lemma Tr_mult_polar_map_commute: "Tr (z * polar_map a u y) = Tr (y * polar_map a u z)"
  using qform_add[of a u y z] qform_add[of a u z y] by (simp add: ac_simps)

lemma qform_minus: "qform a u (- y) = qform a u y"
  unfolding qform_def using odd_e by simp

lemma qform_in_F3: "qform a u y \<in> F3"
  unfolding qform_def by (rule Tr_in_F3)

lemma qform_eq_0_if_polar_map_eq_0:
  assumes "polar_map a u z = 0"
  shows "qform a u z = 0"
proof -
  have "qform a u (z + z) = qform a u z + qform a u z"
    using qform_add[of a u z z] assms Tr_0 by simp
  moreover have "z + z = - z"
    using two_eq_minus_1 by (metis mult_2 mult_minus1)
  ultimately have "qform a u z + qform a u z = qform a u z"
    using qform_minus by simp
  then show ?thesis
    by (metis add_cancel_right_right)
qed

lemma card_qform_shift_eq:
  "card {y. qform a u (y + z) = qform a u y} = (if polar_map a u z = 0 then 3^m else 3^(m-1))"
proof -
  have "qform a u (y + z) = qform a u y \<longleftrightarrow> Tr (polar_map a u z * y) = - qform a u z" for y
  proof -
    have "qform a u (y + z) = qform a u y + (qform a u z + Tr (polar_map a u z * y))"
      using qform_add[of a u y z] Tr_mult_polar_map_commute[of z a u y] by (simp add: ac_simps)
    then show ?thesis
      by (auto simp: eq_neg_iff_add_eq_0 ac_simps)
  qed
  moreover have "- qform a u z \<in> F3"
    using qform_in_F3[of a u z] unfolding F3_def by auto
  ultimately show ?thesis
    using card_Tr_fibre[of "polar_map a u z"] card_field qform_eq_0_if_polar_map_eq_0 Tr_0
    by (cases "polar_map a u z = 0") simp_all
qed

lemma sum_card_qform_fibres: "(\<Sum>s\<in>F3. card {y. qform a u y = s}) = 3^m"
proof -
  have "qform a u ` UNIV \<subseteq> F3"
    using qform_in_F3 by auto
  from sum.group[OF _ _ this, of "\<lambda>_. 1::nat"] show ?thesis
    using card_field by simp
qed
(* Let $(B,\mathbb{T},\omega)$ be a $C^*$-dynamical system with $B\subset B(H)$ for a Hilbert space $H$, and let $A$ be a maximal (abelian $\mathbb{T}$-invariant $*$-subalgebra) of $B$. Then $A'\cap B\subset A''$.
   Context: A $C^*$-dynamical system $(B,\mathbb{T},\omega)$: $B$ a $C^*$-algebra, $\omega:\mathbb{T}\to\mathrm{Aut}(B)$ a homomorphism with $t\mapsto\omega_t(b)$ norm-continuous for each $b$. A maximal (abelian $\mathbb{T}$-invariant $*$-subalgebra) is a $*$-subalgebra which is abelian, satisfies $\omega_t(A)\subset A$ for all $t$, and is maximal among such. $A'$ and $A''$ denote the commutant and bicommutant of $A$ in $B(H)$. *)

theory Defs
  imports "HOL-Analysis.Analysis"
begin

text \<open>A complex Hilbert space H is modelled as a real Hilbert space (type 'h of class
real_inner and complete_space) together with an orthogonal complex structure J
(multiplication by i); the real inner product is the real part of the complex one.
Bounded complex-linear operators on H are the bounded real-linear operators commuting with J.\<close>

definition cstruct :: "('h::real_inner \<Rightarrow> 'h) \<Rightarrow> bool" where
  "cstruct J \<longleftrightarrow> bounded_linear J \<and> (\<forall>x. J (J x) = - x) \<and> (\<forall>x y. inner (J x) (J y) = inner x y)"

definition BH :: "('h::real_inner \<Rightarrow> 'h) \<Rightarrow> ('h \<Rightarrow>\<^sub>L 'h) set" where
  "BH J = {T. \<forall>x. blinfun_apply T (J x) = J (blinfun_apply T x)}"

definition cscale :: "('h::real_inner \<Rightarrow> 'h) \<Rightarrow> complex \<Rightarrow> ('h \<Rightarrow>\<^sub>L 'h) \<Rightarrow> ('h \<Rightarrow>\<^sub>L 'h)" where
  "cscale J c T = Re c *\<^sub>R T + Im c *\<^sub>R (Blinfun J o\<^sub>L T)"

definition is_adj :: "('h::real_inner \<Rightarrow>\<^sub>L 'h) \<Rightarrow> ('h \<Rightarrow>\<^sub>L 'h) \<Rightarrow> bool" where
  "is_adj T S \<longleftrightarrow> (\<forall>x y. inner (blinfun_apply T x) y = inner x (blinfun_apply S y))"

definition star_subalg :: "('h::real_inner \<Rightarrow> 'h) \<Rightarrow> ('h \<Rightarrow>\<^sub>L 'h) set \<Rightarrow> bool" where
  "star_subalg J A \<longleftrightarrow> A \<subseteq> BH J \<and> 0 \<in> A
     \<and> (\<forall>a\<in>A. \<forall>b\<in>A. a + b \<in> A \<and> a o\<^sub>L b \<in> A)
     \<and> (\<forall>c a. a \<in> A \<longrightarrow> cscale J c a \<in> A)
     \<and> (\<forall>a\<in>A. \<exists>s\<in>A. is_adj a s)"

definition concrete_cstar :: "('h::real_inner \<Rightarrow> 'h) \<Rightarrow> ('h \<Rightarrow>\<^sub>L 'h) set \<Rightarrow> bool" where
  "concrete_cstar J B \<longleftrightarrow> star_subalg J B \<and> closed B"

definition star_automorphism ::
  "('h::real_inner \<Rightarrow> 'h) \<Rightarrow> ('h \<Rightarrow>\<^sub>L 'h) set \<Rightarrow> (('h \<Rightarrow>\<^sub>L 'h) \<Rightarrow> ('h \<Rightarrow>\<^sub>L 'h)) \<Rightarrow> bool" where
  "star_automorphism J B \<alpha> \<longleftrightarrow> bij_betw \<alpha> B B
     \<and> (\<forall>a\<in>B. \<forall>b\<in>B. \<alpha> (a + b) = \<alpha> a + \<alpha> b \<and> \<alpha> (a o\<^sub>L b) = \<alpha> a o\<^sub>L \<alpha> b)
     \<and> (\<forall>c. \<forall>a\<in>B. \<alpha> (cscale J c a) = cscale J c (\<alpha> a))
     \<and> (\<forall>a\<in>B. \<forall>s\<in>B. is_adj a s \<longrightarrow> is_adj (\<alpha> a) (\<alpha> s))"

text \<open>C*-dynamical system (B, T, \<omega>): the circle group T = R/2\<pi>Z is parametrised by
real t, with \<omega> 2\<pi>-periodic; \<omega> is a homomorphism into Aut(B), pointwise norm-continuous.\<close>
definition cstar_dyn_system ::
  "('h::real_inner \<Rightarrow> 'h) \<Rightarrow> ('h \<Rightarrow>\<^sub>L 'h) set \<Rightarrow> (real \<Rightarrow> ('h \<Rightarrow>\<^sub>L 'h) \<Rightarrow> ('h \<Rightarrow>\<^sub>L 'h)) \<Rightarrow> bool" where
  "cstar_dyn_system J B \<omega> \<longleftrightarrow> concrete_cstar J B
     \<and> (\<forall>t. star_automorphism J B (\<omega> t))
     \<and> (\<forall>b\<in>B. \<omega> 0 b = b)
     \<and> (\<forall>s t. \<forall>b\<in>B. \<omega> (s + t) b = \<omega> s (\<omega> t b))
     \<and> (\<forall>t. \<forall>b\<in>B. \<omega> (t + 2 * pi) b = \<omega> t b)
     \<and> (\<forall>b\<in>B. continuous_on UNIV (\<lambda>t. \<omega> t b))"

**THE PROBLEM**
Print every record above. Keep each one exactly as it is.

**RESULT OF THE EXERCISE**
lemma Tr_mult_polar_map_commute: "Tr (z * polar_map a u y) = Tr (y * polar_map a u z)"
  using qform_add[of a u y z] qform_add[of a u z y] by (simp add: ac_simps)

lemma qform_minus: "qform a u (- y) = qform a u y"
  unfolding qform_def using odd_e by simp

lemma qform_in_F3: "qform a u y \<in> F3"
  unfolding qform_def by (rule Tr_in_F3)

lemma qform_eq_0_if_polar_map_eq_0:
  assumes "polar_map a u z = 0"
  shows "qform a u z = 0"
proof -
  have "qform a u (z + z) = qform a u z + qform a u z"
    using qform_add[of a u z z] assms Tr_0 by simp
  moreover have "z + z = - z"
    using two_eq_minus_1 by (metis mult_2 mult_minus1)
  ultimately have "qform a u z + qform a u z = qform a u z"
    using qform_minus by simp
  then show ?thesis
    by (metis add_cancel_right_right)
qed

lemma card_qform_shift_eq:
  "card {y. qform a u (y + z) = qform a u y} = (if polar_map a u z = 0 then 3^m else 3^(m-1))"
proof -
  have "qform a u (y + z) = qform a u y \<longleftrightarrow> Tr (polar_map a u z * y) = - qform a u z" for y
  proof -
    have "qform a u (y + z) = qform a u y + (qform a u z + Tr (polar_map a u z * y))"
      using qform_add[of a u y z] Tr_mult_polar_map_commute[of z a u y] by (simp add: ac_simps)
    then show ?thesis
      by (auto simp: eq_neg_iff_add_eq_0 ac_simps)
  qed
  moreover have "- qform a u z \<in> F3"
    using qform_in_F3[of a u z] unfolding F3_def by auto
  ultimately show ?thesis
    using card_Tr_fibre[of "polar_map a u z"] card_field qform_eq_0_if_polar_map_eq_0 Tr_0
    by (cases "polar_map a u z = 0") simp_all
qed

lemma sum_card_qform_fibres: "(\<Sum>s\<in>F3. card {y. qform a u y = s}) = 3^m"
proof -
  have "qform a u ` UNIV \<subseteq> F3"
    using qform_in_F3 by auto
  from sum.group[OF _ _ this, of "\<lambda>_. 1::nat"] show ?thesis
    using card_field by simp
qed
(* Let $(B,\mathbb{T},\omega)$ be a $C^*$-dynamical system with $B\subset B(H)$ for a Hilbert space $H$, and let $A$ be a maximal (abelian $\mathbb{T}$-invariant $*$-subalgebra) of $B$. Then $A'\cap B\subset A''$.
   Context: A $C^*$-dynamical system $(B,\mathbb{T},\omega)$: $B$ a $C^*$-algebra, $\omega:\mathbb{T}\to\mathrm{Aut}(B)$ a homomorphism with $t\mapsto\omega_t(b)$ norm-continuous for each $b$. A maximal (abelian $\mathbb{T}$-invariant $*$-subalgebra) is a $*$-subalgebra which is abelian, satisfies $\omega_t(A)\subset A$ for all $t$, and is maximal among such. $A'$ and $A''$ denote the commutant and bicommutant of $A$ in $B(H)$. *)

theory Defs
  imports "HOL-Analysis.Analysis"
begin

text \<open>A complex Hilbert space H is modelled as a real Hilbert space (type 'h of class
real_inner and complete_space) together with an orthogonal complex structure J
(multiplication by i); the real inner product is the real part of the complex one.
Bounded complex-linear operators on H are the bounded real-linear operators commuting with J.\<close>

definition cstruct :: "('h::real_inner \<Rightarrow> 'h) \<Rightarrow> bool" where
  "cstruct J \<longleftrightarrow> bounded_linear J \<and> (\<forall>x. J (J x) = - x) \<and> (\<forall>x y. inner (J x) (J y) = inner x y)"

definition BH :: "('h::real_inner \<Rightarrow> 'h) \<Rightarrow> ('h \<Rightarrow>\<^sub>L 'h) set" where
  "BH J = {T. \<forall>x. blinfun_apply T (J x) = J (blinfun_apply T x)}"

definition cscale :: "('h::real_inner \<Rightarrow> 'h) \<Rightarrow> complex \<Rightarrow> ('h \<Rightarrow>\<^sub>L 'h) \<Rightarrow> ('h \<Rightarrow>\<^sub>L 'h)" where
  "cscale J c T = Re c *\<^sub>R T + Im c *\<^sub>R (Blinfun J o\<^sub>L T)"

definition is_adj :: "('h::real_inner \<Rightarrow>\<^sub>L 'h) \<Rightarrow> ('h \<Rightarrow>\<^sub>L 'h) \<Rightarrow> bool" where
  "is_adj T S \<longleftrightarrow> (\<forall>x y. inner (blinfun_apply T x) y = inner x (blinfun_apply S y))"

definition star_subalg :: "('h::real_inner \<Rightarrow> 'h) \<Rightarrow> ('h \<Rightarrow>\<^sub>L 'h) set \<Rightarrow> bool" where
  "star_subalg J A \<longleftrightarrow> A \<subseteq> BH J \<and> 0 \<in> A
     \<and> (\<forall>a\<in>A. \<forall>b\<in>A. a + b \<in> A \<and> a o\<^sub>L b \<in> A)
     \<and> (\<forall>c a. a \<in> A \<longrightarrow> cscale J c a \<in> A)
     \<and> (\<forall>a\<in>A. \<exists>s\<in>A. is_adj a s)"

definition concrete_cstar :: "('h::real_inner \<Rightarrow> 'h) \<Rightarrow> ('h \<Rightarrow>\<^sub>L 'h) set \<Rightarrow> bool" where
  "concrete_cstar J B \<longleftrightarrow> star_subalg J B \<and> closed B"

definition star_automorphism ::
  "('h::real_inner \<Rightarrow> 'h) \<Rightarrow> ('h \<Rightarrow>\<^sub>L 'h) set \<Rightarrow> (('h \<Rightarrow>\<^sub>L 'h) \<Rightarrow> ('h \<Rightarrow>\<^sub>L 'h)) \<Rightarrow> bool" where
  "star_automorphism J B \<alpha> \<longleftrightarrow> bij_betw \<alpha> B B
     \<and> (\<forall>a\<in>B. \<forall>b\<in>B. \<alpha> (a + b) = \<alpha> a + \<alpha> b \<and> \<alpha> (a o\<^sub>L b) = \<alpha> a o\<^sub>L \<alpha> b)
     \<and> (\<forall>c. \<forall>a\<in>B. \<alpha> (cscale J c a) = cscale J c (\<alpha> a))
     \<and> (\<forall>a\<in>B. \<forall>s\<in>B. is_adj a s \<longrightarrow> is_adj (\<alpha> a) (\<alpha> s))"

text \<open>C*-dynamical system (B, T, \<omega>): the circle group T = R/2\<pi>Z is parametrised by
real t, with \<omega> 2\<pi>-periodic; \<omega> is a homomorphism into Aut(B), pointwise norm-continuous.\<close>
definition cstar_dyn_system ::
  "('h::real_inner \<Rightarrow> 'h) \<Rightarrow> ('h \<Rightarrow>\<^sub>L 'h) set \<Rightarrow> (real \<Rightarrow> ('h \<Rightarrow>\<^sub>L 'h) \<Rightarrow> ('h \<Rightarrow>\<^sub>L 'h)) \<Rightarrow> bool" where
  "cstar_dyn_system J B \<omega> \<longleftrightarrow> concrete_cstar J B
     \<and> (\<forall>t. star_automorphism J B (\<omega> t))
     \<and> (\<forall>b\<in>B. \<omega> 0 b = b)
     \<and> (\<forall>s t. \<forall>b\<in>B. \<omega> (s + t) b = \<omega> s (\<omega> t b))
     \<and> (\<forall>t. \<forall>b\<in>B. \<omega> (t + 2 * pi) b = \<omega> t b)
     \<and> (\<forall>b\<in>B. continuous_on UNIV (\<lambda>t. \<omega> t b))"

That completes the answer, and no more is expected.